We choose to focus on these two areas, because they are 
relevant to many different applications of CM1P5 data 
and should be of interest to a wide range of fellow 
climate scientists. 

5.1. Stratosphere-Troposphere Coupling 

[36] We attempt to characterize stratosphere-troposphere 
coupling in the models by examining the annular modes. 
The annular modes characterize variability of the tropospheric 
midlatitude jets and the stratospheric polar vortex [e.g., 
Thompson and Wallace, 2000], Following Baldwin and 
Dunkerton [2001] and Baldwin and Thompson [2009], we 
compute the annular mode index separately at each pressure 
level to explore the vertical coupling of the atmosphere.
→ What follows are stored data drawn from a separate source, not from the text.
(* Let $k\ge1$, work in $\mathbb{R}^{k+1}$ with standard basis $e_1,\dots,e_{k+1}$ (coordinates ordered as $(\mu_1,\dots,\mu_k,s)$), and for $i\ge1$ let \[ P_i=\mathrm{Conv}\Big(\{0\}\cup\{(i-2j)\,e_\ell+j\,e_{k+1}:\ \ell\in[k],\ 0\le j\le\lfloor i/2\rfloor\}\Big), \] the Newton polytope of $\sum_{\ell=1}^k\bar\lambda_\ell M_i(\mu_\ell,s)-\bar m_i$ for nonzero $\bar\lambda_\ell,\bar m_i$. Define line segments $Q_1=\mathrm{Conv}\{0,e_1\}$, $Q_2=\mathrm{Conv}\{0,e_{k+1}\}$, and $Q_i=\mathrm{Conv}\{0,\,i\,e_{i-1}\}$ for $3\le i\le k+1$. Then for every nonzero $w\in\mathbb{R}^{k+1}$ the set \[ \mathcal I_w=\{i\in[k+1]:\ Q_i\cap\mathrm{Init}_w(P_i)\neq\emptyset\} \] is nonempty.
   Context: Define polynomials $M_i(\mu,s)$ for $i\ge 0$ by $M_0=1$, $M_1=\mu$, $M_i=\mu M_{i-1}+(i-1)\,s\,M_{i-2}$ for $i\ge2$. For $w\in\mathbb{R}^n$ and a convex polytope $P$, $\mathrm{Init}_w(P)=\{x\in P:\langle w,x\rangle\le\langle w,y\rangle\ \forall y\in P\}$ is the face where $\langle w,\cdot\rangle$ is minimized. *)

theory Defs
  imports Complex_Main
begin

text \<open>Points of R^(k+1) are represented as functions nat => real; coordinate j
  (0-based, j = 0..k) corresponds to the paper's basis vector e_(j+1).
  So e_l (l in [k]) is index l-1 and e_(k+1) (the s-coordinate) is index k.\<close>

definition ebasis :: "nat \<Rightarrow> nat \<Rightarrow> real" where
  "ebasis n = (\<lambda>j. if j = n then 1 else 0)"

definition ipk :: "nat \<Rightarrow> (nat \<Rightarrow> real) \<Rightarrow> (nat \<Rightarrow> real) \<Rightarrow> real" where
  "ipk k w x = (\<Sum>j\<le>k. w j * x j)"

definition fconv :: "(nat \<Rightarrow> real) set \<Rightarrow> (nat \<Rightarrow> real) set" where
  "fconv S = {x. \<exists>F c. finite F \<and> F \<subseteq> S \<and> (\<forall>y\<in>F. 0 \<le> c y) \<and> sum c F = 1
                  \<and> x = (\<lambda>j. \<Sum>y\<in>F. c y * y j)}"

definition Init :: "nat \<Rightarrow> (nat \<Rightarrow> real) \<Rightarrow> (nat \<Rightarrow> real) set \<Rightarrow> (nat \<Rightarrow> real) set" where
  "Init k w P = {x \<in> P. \<forall>y\<in>P. ipk k w x \<le> ipk k w y}"

definition Ppoly :: "nat \<Rightarrow> nat \<Rightarrow> (nat \<Rightarrow> real) set" where
  "Ppoly k i = fconv ({\<lambda>_. 0} \<union>
     {(\<lambda>t. (real i - 2 * real j) * ebasis (l - 1) t + real j * ebasis k t) | l j.
        l \<in> {1..k} \<and> j \<le> i div 2})"

definition Qseg :: "nat \<Rightarrow> nat \<Rightarrow> (nat \<Rightarrow> real) set" where
  "Qseg k i = (if i = 1 then fconv {\<lambda>_. 0, ebasis 0}
               else if i = 2 then fconv {\<lambda>_. 0, ebasis k}
               else fconv {\<lambda>_. 0, (\<lambda>t. real i * ebasis (i - 2) t)})"

end

theory Submission
  imports Defs
begin

text \<open>Let \<open>p\<close> be a coordinate among \<open>\<mu>\<^sub>1, \<dots>, \<mu>\<^sub>k\<close> on which \<open>w\<close> is smallest. If \<open>w\<^sub>p \<ge> 0\<close>, the
  origin minimises \<open>w\<close> on \<open>P\<^sub>1\<close>. Otherwise, if \<open>w\<^sub>s \<le> 2 w\<^sub>p\<close>, the vertex \<open>e\<^sub>k\<^sub>+\<^sub>1\<close> of \<open>P\<^sub>2\<close> is minimal;
  if \<open>w\<^sub>s \<ge> 2 w\<^sub>p\<close>, trading two units of \<open>\<mu>\<^sub>l\<close> for one unit of \<open>s\<close> never lowers \<open>w\<close>, so the vertex
  \<open>i e\<^sub>p\<close> is minimal on every \<open>P\<^sub>i\<close>, in particular on the one whose segment \<open>Q\<^sub>i\<close> points along \<open>e\<^sub>p\<close>.
  In each case the minimiser is an endpoint of \<open>Q\<^sub>i\<close>.\<close>

lemma ipk_two_ebasis:
  assumes "p \<le> k" "q \<le> k" "p \<noteq> q"
  shows "ipk k w (\<lambda>t. a * ebasis p t + b * ebasis q t) = a * w p + b * w q"
proof -
  have "ipk k w (\<lambda>t. a * ebasis p t + b * ebasis q t)
      = (\<Sum>j\<le>k. if j = p then a * w p else 0) + (\<Sum>j\<le>k. if j = q then b * w q else 0)"
    unfolding ipk_def ebasis_def
    by (subst sum.distrib[symmetric], rule sum.cong) (auto simp: algebra_simps)
  also have "\<dots> = a * w p + b * w q"
    using assms by simp
  finally show ?thesis .
qed

lemma ipk_zero [simp]: "ipk k w (\<lambda>_. 0) = 0"
  unfolding ipk_def by simp

lemma fconv_inc: "x \<in> S \<Longrightarrow> x \<in> fconv S"
  unfolding fconv_def by (auto intro!: exI[of _ "{x}"] exI[of _ "\<lambda>_. 1"])

lemma ipk_fconv_ge:
  assumes "y \<in> fconv S" "\<forall>s\<in>S. a \<le> ipk k w s"
  shows "a \<le> ipk k w y"
proof -
  obtain F c where F: "finite F" "F \<subseteq> S" "\<forall>v\<in>F. 0 \<le> c v" "sum c F = 1"
    and y: "y = (\<lambda>j. \<Sum>v\<in>F. c v * v j)"
    using assms(1) unfolding fconv_def by blast
  have "ipk k w y = (\<Sum>v\<in>F. c v * ipk k w v)"
    unfolding ipk_def y by (simp add: sum_distrib_left algebra_simps sum.swap[of _ F])
  also have "\<dots> \<ge> (\<Sum>v\<in>F. c v * a)"
    using F assms(2) by (intro sum_mono mult_left_mono) auto
  moreover have "(\<Sum>v\<in>F. c v * a) = a"
    using F(4) by (simp add: sum_distrib_right[symmetric])
  ultimately show ?thesis by simp
qed

lemma Init_fconv_of_min:
  assumes "x \<in> S" "\<forall>y\<in>S. ipk k w x \<le> ipk k w y"
  shows "x \<in> Init k w (fconv S)"
  unfolding Init_def using assms fconv_inc ipk_fconv_ge by blast

text \<open>The generators of \<open>P\<^sub>i\<close>, with the \<open>\<mu>\<close>-index \<open>l\<close> now 0-based.\<close>

definition Pgen :: "nat \<Rightarrow> nat \<Rightarrow> (nat \<Rightarrow> real) set" where
  "Pgen k i = insert (\<lambda>_. 0)
     {(\<lambda>t. (real i - 2 * real j) * ebasis l t + real j * ebasis k t) | l j. l < k \<and> j \<le> i div 2}"

lemma Ppoly_eq_fconv_Pgen: "Ppoly k i = fconv (Pgen k i)"
proof -
  have "{(\<lambda>t. (real i - 2 * real j) * ebasis (l - 1) t + real j * ebasis k t) | l j.
          l \<in> {1..k} \<and> j \<le> i div 2}
      = {(\<lambda>t. (real i - 2 * real j) * ebasis l t + real j * ebasis k t) | l j. l < k \<and> j \<le> i div 2}"
  proof (intro equalityI subsetI)
    fix x assume "x \<in> {(\<lambda>t. (real i - 2 * real j) * ebasis l t + real j * ebasis k t) | l j.
                        l < k \<and> j \<le> i div 2}"
    then obtain l j where "l < k" "j \<le> i div 2"
      and "x = (\<lambda>t. (real i - 2 * real j) * ebasis (Suc l - 1) t + real j * ebasis k t)"
      by auto
    then show "x \<in> {(\<lambda>t. (real i - 2 * real j) * ebasis (l - 1) t + real j * ebasis k t) | l j.
                        l \<in> {1..k} \<and> j \<le> i div 2}"
      by (intro CollectI exI[of _ "Suc l"] exI[of _ j]) auto
  qed force
  then show ?thesis
    unfolding Ppoly_def Pgen_def by simp
qed

lemma Pgen_vertex:
  assumes "l < k" "2 * j \<le> i"
  shows "(\<lambda>t. (real i - 2 * real j) * ebasis l t + real j * ebasis k t) \<in> Pgen k i"
proof -
  have "j \<le> i div 2"
    using assms(2) by linarith
  then show ?thesis
    unfolding Pgen_def using assms(1) by blast
qed

lemma Init_Ppoly_of_min:
  assumes "x \<in> Pgen k i" "ipk k w x \<le> 0"
    and "\<And>l j. l < k \<Longrightarrow> 2 * j \<le> i \<Longrightarrow> ipk k w x \<le> (real i - 2 * real j) * w l + real j * w k"
  shows "x \<in> Init k w (Ppoly k i)"
  unfolding Ppoly_eq_fconv_Pgen
proof (rule Init_fconv_of_min[OF assms(1)])
  show "\<forall>y\<in>Pgen k i. ipk k w x \<le> ipk k w y"
    using assms(2,3) by (auto simp: Pgen_def ipk_two_ebasis)
qed

lemma origin_in_Init_Ppoly_1:
  assumes "\<And>l. l < k \<Longrightarrow> 0 \<le> w l"
  shows "(\<lambda>_. 0) \<in> Init k w (Ppoly k 1)"
proof (rule Init_Ppoly_of_min)
  fix l j assume "l < k" "2 * j \<le> (1::nat)"
  moreover from this have "j = 0" by simp
  ultimately show "ipk k w (\<lambda>_. 0) \<le> (real 1 - 2 * real j) * w l + real j * w k"
    using assms by simp
qed (simp_all add: Pgen_def)

lemma ebasis_in_Init_Ppoly_2:
  assumes "k \<ge> 1" "w k \<le> 0" "\<And>l. l < k \<Longrightarrow> w k \<le> 2 * w l"
  shows "ebasis k \<in> Init k w (Ppoly k 2)"
proof (rule Init_Ppoly_of_min)
  have "ebasis k = (\<lambda>t. (real 2 - 2 * real 1) * ebasis 0 t + real 1 * ebasis k t)"
    by simp
  then show "ebasis k \<in> Pgen k 2"
    using Pgen_vertex[of 0 k 1 2] assms(1) by simp
  have ipk_ebasis: "ipk k w (ebasis k) = w k"
    using ipk_two_ebasis[of 0 k k w 0 1] assms(1) by simp
  show "ipk k w (ebasis k) \<le> 0"
    using assms(2) ipk_ebasis by simp
  fix l j assume "l < k" "2 * j \<le> (2::nat)"
  then have "j = 0 \<or> j = 1" by auto
  then show "ipk k w (ebasis k) \<le> (real 2 - 2 * real j) * w l + real j * w k"
    using assms(3)[OF \<open>l < k\<close>] ipk_ebasis by auto
qed

lemma scaled_ebasis_in_Init_Ppoly:
  assumes "p < k" "w p \<le> 0" "\<And>l. l < k \<Longrightarrow> w p \<le> w l" "2 * w p \<le> w k"
  shows "(\<lambda>t. real i * ebasis p t) \<in> Init k w (Ppoly k i)"
proof (rule Init_Ppoly_of_min)
  have "(\<lambda>t. real i * ebasis p t) = (\<lambda>t. (real i - 2 * real 0) * ebasis p t + real 0 * ebasis k t)"
    by simp
  then show "(\<lambda>t. real i * ebasis p t) \<in> Pgen k i"
    using Pgen_vertex[of p k 0 i] assms(1) by simp
  have ipk_x: "ipk k w (\<lambda>t. real i * ebasis p t) = real i * w p"
    using ipk_two_ebasis[of p k k w "real i" 0] assms(1) by simp
  show "ipk k w (\<lambda>t. real i * ebasis p t) \<le> 0"
    using assms(2) ipk_x by (simp add: mult_nonneg_nonpos)
  fix l j assume l: "l < k" and j: "2 * j \<le> i"
  have "(real i - 2 * real j) * w p \<le> (real i - 2 * real j) * w l"
    using j assms(3)[OF l] by (intro mult_left_mono) auto
  moreover have "real j * (2 * w p) \<le> real j * w k"
    using assms(4) by (intro mult_left_mono) auto
  ultimately show "ipk k w (\<lambda>t. real i * ebasis p t) \<le> (real i - 2 * real j) * w l + real j * w k"
    using ipk_x by (simp add: algebra_simps)
qed

lemma origin_in_Qseg: "(\<lambda>_. 0) \<in> Qseg k i"
  unfolding Qseg_def by (auto intro: fconv_inc)

lemma ebasis_in_Qseg_2: "ebasis k \<in> Qseg k 2"
  unfolding Qseg_def by (auto intro: fconv_inc)

lemma scaled_ebasis_in_Qseg:
  assumes "p < k"
  shows "\<exists>i\<in>{1..k+1}. (\<lambda>t. real i * ebasis p t) \<in> Qseg k i"
proof (cases "p = 0")
  case True
  then show ?thesis
    using assms by (intro bexI[of _ 1]) (auto simp: Qseg_def intro: fconv_inc)
next
  case False
  then show ?thesis
    using assms by (intro bexI[of _ "p + 2"]) (auto simp: Qseg_def intro: fconv_inc)
qed

theorem mainTheorem8:
  fixes k :: nat and w :: "nat \<Rightarrow> real"
  assumes "k \<ge> 1"
    and "\<exists>j\<le>k. w j \<noteq> 0"
  shows "{i \<in> {1..k+1}. Qseg k i \<inter> Init k w (Ppoly k i) \<noteq> {}} \<noteq> {}"
proof -
  obtain p where p: "p < k" and p_min: "\<And>l. l < k \<Longrightarrow> w p \<le> w l"
    using ex_min_if_finite[of "w ` {..<k}"] assms(1) by (fastforce simp: not_less)
  consider "0 \<le> w p" | "w p < 0" "w k \<le> 2 * w p" | "w p < 0" "2 * w p \<le> w k"
    by linarith
  then have "\<exists>i\<in>{1..k+1}. \<exists>x. x \<in> Qseg k i \<and> x \<in> Init k w (Ppoly k i)"
  proof cases
    case 1
    then have "\<And>l. l < k \<Longrightarrow> 0 \<le> w l"
      using p_min by (meson order_trans)
    then show ?thesis
      using origin_in_Qseg origin_in_Init_Ppoly_1 by (intro bexI[of _ 1] exI[of _ "\<lambda>_. 0"] conjI) auto
  next
    case 2
    then have "\<And>l. l < k \<Longrightarrow> w k \<le> 2 * w l"
      using p_min by force
    then show ?thesis
      using 2 assms(1) ebasis_in_Qseg_2 ebasis_in_Init_Ppoly_2
      by (intro bexI[of _ 2] exI[of _ "ebasis k"] conjI) auto
  next
    case 3
    then show ?thesis
      using scaled_ebasis_in_Qseg[OF p] scaled_ebasis_in_Init_Ppoly[OF p] p_min by fastforce
  qed
  then show ?thesis
    by blast
qed

end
We 
use the procedure of Gerber et al. [2010], defining the 
Northern and Southern Annular Modes (NAM and SAM) as 
the first Empirical Orthogonal Functions of daily zonal mean 
geopotential height anomalies from each hemisphere. The 
height fields are first filtered (by removing a 30 year low-pass 
filtered version of the time series) to separate climate trends, so 
that the remaining anomalies reflect the natural variations of 
the atmosphere. 

[ 37 ] Figure 5 shows composites of the NAM index based 
on extreme events in the stratosphere. Negative NAM events 
in the stratosphere are associated with a weak polar vortex, 
and closely (though not entirely) correspond to stratospheric 
sudden warmings [Charlton and Polvani, 2007]. Figure 5a, 
based on ERA-40 and ERA-interim, is an update of Baldwin 
and Dunkerton [2001]; following a weakening of the 
stratospheric polar vortex, the NAM in the troposphere tends 
to shift toward a negative index, associated with an 
equatorward shift of the midlatitude jet stream. 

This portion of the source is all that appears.